Boris Johnson has piled yet more pressure on George Osborne to soften the impact of his £4.5bn a year cuts to tax credits, saying he is "sure" the Chancellor will protect families on low incomes when the reforms take effect next April.
The Mayor of London said he believed the tax credit changes were under "intensive review", adding: "Let's see what they come up with... I'm sure that they are working on it now."
Mr Johnson is among a growing number of senior Tories who have publicly cautioned ministers about the upcoming tax credit cuts. On Sunday Andrew Mitchell, who served in Mr Cameron's cabinet in the last government, said the plans needed to be "tweaked".
Up to 3.2 million families are set to lose an average of £1,300 a year from next April and Mr Osborne is set to face questions from Tory MPs at a meeting of the party's backbench 1922 Committee on Monday evening ahead of a debate on the tax credit changes in the House of Commons on Tuesday.
However, a Downing Street source insisted that the Government had no plans to budge on the plans to implement the £4.5bn a year savings to the tax credits bill next year.
Mr Johnson told the BBC: "What I would like to see is working with the tax and benefit system and the living wage to make sure that hard-working people on low incomes are protected.
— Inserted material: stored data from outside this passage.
lemma t_param_pos: "T > 0 \<Longrightarrow> t_param T > 0"
  unfolding t_param_def by simp

lemma W_nonneg: "T > 0 \<Longrightarrow> W T a b \<ge> 0"
  unfolding W_def using t_param_pos[of T] by simp

lemma weight_nonneg: "T > 0 \<Longrightarrow> weight V E T h \<sigma> \<ge> 0"
  unfolding weight_def by (intro mult_nonneg_nonneg prod_nonneg W_nonneg) auto

lemma W_max_min:
  fixes a a' b b' :: int
  assumes "a \<in> {-1, 1}" "a' \<in> {-1, 1}" "b \<in> {-1, 0, 1}" "b' \<in> {-1, 0, 1}"
    and "\<bar>a - b\<bar> \<le> 1" "\<bar>a' - b'\<bar> \<le> 1"
  shows "W T a b * W T a' b' = W T (max a a') (max b b') * W T (min a a') (min b b')"
  using assms(1-4) by (elim insertE emptyE; use assms(5,6) in \<open>simp add: W_def\<close>)

lemma weight_max_min:
  assumes "is_graph V E" "\<sigma> \<in> ext_configs V E" "\<tau> \<in> ext_configs V E"
  shows "weight V E T h \<sigma> * weight V E T h \<tau> =
    weight V E T h (\<lambda>x. max (\<sigma> x) (\<tau> x)) * weight V E T h (\<lambda>x. min (\<sigma> x) (\<tau> x))"
proof -
  let ?edges = "\<lambda>\<sigma>. \<Prod>e\<in>E. \<Prod>v\<in>e. W T (\<sigma> (Inl v)) (\<sigma> (Inr e))"
  let ?field = "\<lambda>\<sigma>. \<Sum>v\<in>V. h v * of_int (\<sigma> (Inl v))"
  have "?edges \<sigma> * ?edges \<tau> = ?edges (\<lambda>x. max (\<sigma> x) (\<tau> x)) * ?edges (\<lambda>x. min (\<sigma> x) (\<tau> x))"
    unfolding prod.distrib[symmetric]
  proof (intro prod.cong refl)
    fix e v assume "e \<in> E" "v \<in> e"
    moreover have "v \<in> V" using assms(1) \<open>e \<in> E\<close> \<open>v \<in> e\<close> by (auto simp: is_graph_def)
    ultimately show "W T (\<sigma> (Inl v)) (\<sigma> (Inr e)) * W T (\<tau> (Inl v)) (\<tau> (Inr e)) =
      W T (max (\<sigma> (Inl v)) (\<tau> (Inl v))) (max (\<sigma> (Inr e)) (\<tau> (Inr e))) *
      W T (min (\<sigma> (Inl v)) (\<tau> (Inl v))) (min (\<sigma> (Inr e)) (\<tau> (Inr e)))"
      using assms(2,3) by (intro W_max_min) (auto simp: ext_configs_def)
  qed
  moreover have "?field \<sigma> + ?field \<tau> = ?field (\<lambda>x. max (\<sigma> x) (\<tau> x)) + ?field (\<lambda>x. min (\<sigma> x) (\<tau> x))"
    unfolding sum.distrib[symmetric] by (intro sum.cong refl) (simp add: max_def min_def algebra_simps)
  then have "exp (?field \<sigma> / T) * exp (?field \<tau> / T) =
      exp (?field (\<lambda>x. max (\<sigma> x) (\<tau> x)) / T) * exp (?field (\<lambda>x. min (\<sigma> x) (\<tau> x)) / T)"
    by (simp only: exp_add[symmetric] add_divide_distrib[symmetric])
  ultimately show ?thesis unfolding weight_def by (simp add: algebra_simps)
qed

definition pair_weight :: "'v set \<Rightarrow> 'v set set \<Rightarrow> real \<Rightarrow> ('v \<Rightarrow> real) \<Rightarrow> 'v site config_pair \<Rightarrow> real" where
  "pair_weight V E T h = (\<lambda>(\<sigma>1, \<sigma>2). weight V E T h \<sigma>1 * weight V E T h \<sigma>2)"

lemma pair_weight_nonneg: "T > 0 \<Longrightarrow> pair_weight V E T h p \<ge> 0"
  unfolding pair_weight_def by (auto simp: weight_nonneg split: prod.split)

lemma pair_weight_sup_inf:
  assumes "is_graph V E" "p \<in> ext_configs V E \<times> ext_configs V E" "q \<in> ext_configs V E \<times> ext_configs V E"
  shows "pair_weight V E T h p * pair_weight V E T h q =
    pair_weight V E T h (pair_sup p q) * pair_weight V E T h (pair_inf p q)"
proof -
  obtain \<sigma>1 \<sigma>2 \<tau>1 \<tau>2 where "p = (\<sigma>1, \<sigma>2)" "q = (\<tau>1, \<tau>2)" by fastforce
  with assms show ?thesis
    using weight_max_min[OF assms(1), of \<sigma>1 \<tau>1 T h] weight_max_min[OF assms(1), of \<sigma>2 \<tau>2 T h]
    by (simp add: pair_weight_def pair_sup_def pair_inf_def algebra_simps)
qed

lemma sum_pair_weight_Times:
  "sum (pair_weight V E T h) (B \<times> C) = sum (weight V E T h) B * sum (weight V E T h) C"
  unfolding pair_weight_def by (simp add: sum_product sum.cartesian_product)

lemma sum_weight_cond_configs_pos:
  fixes V :: "'v set"
  assumes "is_graph V E" "A \<subseteq> V" "T > 0" "\<forall>v\<in>A. \<xi> v \<in> {-1, 1}"
  shows "sum (weight V E T h) (cond_configs V E A \<xi>) > 0"
proof -
  define \<sigma> :: "'v site \<Rightarrow> int" where
    "\<sigma> = (\<lambda>x. case x of Inl v \<Rightarrow> if v \<in> V then (if v \<in> A then \<xi> v else 1) else 0 | Inr e \<Rightarrow> 0)"
  have edge_V: "\<And>e v. e \<in> E \<Longrightarrow> v \<in> e \<Longrightarrow> v \<in> V" using assms(1) by (auto simp: is_graph_def)
  have spins: "\<And>v. v \<in> V \<Longrightarrow> \<sigma> (Inl v) \<in> {-1, 1}" using assms(4) by (auto simp: \<sigma>_def)
  have "\<sigma> x = 0" if "x \<notin> sites V E" for x
    using that by (cases x) (auto simp: \<sigma>_def sites_def)
  then have "\<sigma> \<in> cond_configs V E A \<xi>"
    using spins edge_V assms(2) by (fastforce simp: cond_configs_def ext_configs_def \<sigma>_def)
  moreover have "finite (cond_configs V E A \<xi>)"
    using finite_ext_configs[OF assms(1)] by (rule finite_subset[rotated]) (auto simp: cond_configs_def)
  moreover have "weight V E T h \<sigma> > 0"
    unfolding weight_def
  proof (intro mult_pos_pos prod_pos exp_gt_zero)
    fix e v assume "e \<in> E" "v \<in> e"
    then have "\<sigma> (Inl v) \<in> {-1, 1}" "\<sigma> (Inr e) = 0" using spins edge_V by (auto simp: \<sigma>_def)
    then show "W T (\<sigma> (Inl v)) (\<sigma> (Inr e)) > 0" using t_param_pos[OF assms(3)] by (auto simp: W_def)
  qed
  ultimately show ?thesis
    using weight_nonneg[OF assms(3)] by (intro sum_pos2) auto
qed

lemma pair_sup_mem_cond_configs:
  assumes "p \<in> cond_configs V E A \<xi>p \<times> cond_configs V E A \<xi>m"
    and "q \<in> cond_configs V E A \<zeta>p \<times> cond_configs V E A \<zeta>m"
    and "\<forall>v\<in>A. \<xi>p v \<le> \<zeta>p v \<and> \<xi>m v \<ge> \<zeta>m v"
  shows "pair_sup p q \<in> cond_configs V E A \<zeta>p \<times> cond_configs V E A \<zeta>m"
  using assms by (auto simp: pair_sup_def cond_configs_def ext_configs_max ext_configs_min)

lemma pair_inf_mem_cond_configs:
  assumes "p \<in> cond_configs V E A \<xi>p \<times> cond_configs V E A \<xi>m"
    and "q \<in> cond_configs V E A \<zeta>p \<times> cond_configs V E A \<zeta>m"
    and "\<forall>v\<in>A. \<xi>p v \<le> \<zeta>p v \<and> \<xi>m v \<ge> \<zeta>m v"
  shows "pair_inf p q \<in> cond_configs V E A \<xi>p \<times> cond_configs V E A \<xi>m"
  using assms by (auto simp: pair_inf_def cond_configs_def ext_configs_max ext_configs_min)

lemma pair_config_mem_Theta_configs:
  assumes "\<sigma>1 \<in> ext_configs V E" "\<sigma>2 \<in> ext_configs V E"
  shows "pair_config \<sigma>1 \<sigma>2 \<in> Theta_configs V E"
  using assms ext_configs_values[OF assms(1)] ext_configs_values[OF assms(2)]
  by (auto simp: Theta_configs_def Theta_def pair_config_def ext_configs_def)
I'm sure the Chancellor can do that.
"I think everybody is concerned about something which bears down unfairly on the working poor, and it's very important as we take this thing forward that we do it in such a way as to minimise that impact."
He added: "Believe me, we've all been talking about it. This is something that is under intensive review and consultation at the moment. I have no doubt that people are working very, very hard right now to try to make sure that as we reform the tax credit system, we do so in such a way as not to bear down too unfairly on hard-working people on low incomes in London and elsewhere.
"I'm sure that, irrespective of the politics of it, nobody wants to do something that is not fair to working people."
He said he understood the "pain and anguish" expressed by single mother Michelle Dorrell, who confronted Cabinet minister Amber Rudd about the upcoming cut in her income on Question Time last week.
However, he insisted Mr Osborne was right to reform the system, praising him for being "brave" and "completely right" to tackle the issue.
The Chancellor faces a last-ditch attempt to kill off the tax credit cuts in the House of Lords, with a rare "fatal" motion expected to be tabled by peers opposed to the measures this week.
Fatal motions are rarely used but can apply to the tax credit reforms because they were introduced through a statutory instrument, rather than in the FInance Bill, so did not require to be passed in the Lords.
The move would cause controversy however, because it would break the Salisbury Convention that guides the Lords against undermining the supremacy of the House of Commons. But opponents will argue that the convention does not apply because tax credit cuts did not feature in the Conservative party's election manifesto.
If called, the fatal motion would be likely to succeed given there is no Tory majority in the House of Lords and it could lead to a crucial vote next Monday.
A Downing Street spokeswoman said the Government would "cross that bridge when we come to it" when asked whether the Prime Minister was worried about the threat of a fatal motion.
Analysis by Labour found 71 Conservative MPs would be vulnerable to losing their seats in parliament to a public backlash against the tax credit cuts, which the Government claims will raise the Treasury up to £5.8bn a year by 2021.
Public opposition to the policy appears to be hardening, with a ComRes poll for the Independent On Sunday suggesting 43 per cent disagree that the cuts are needed – compared to 34 per cent who agree.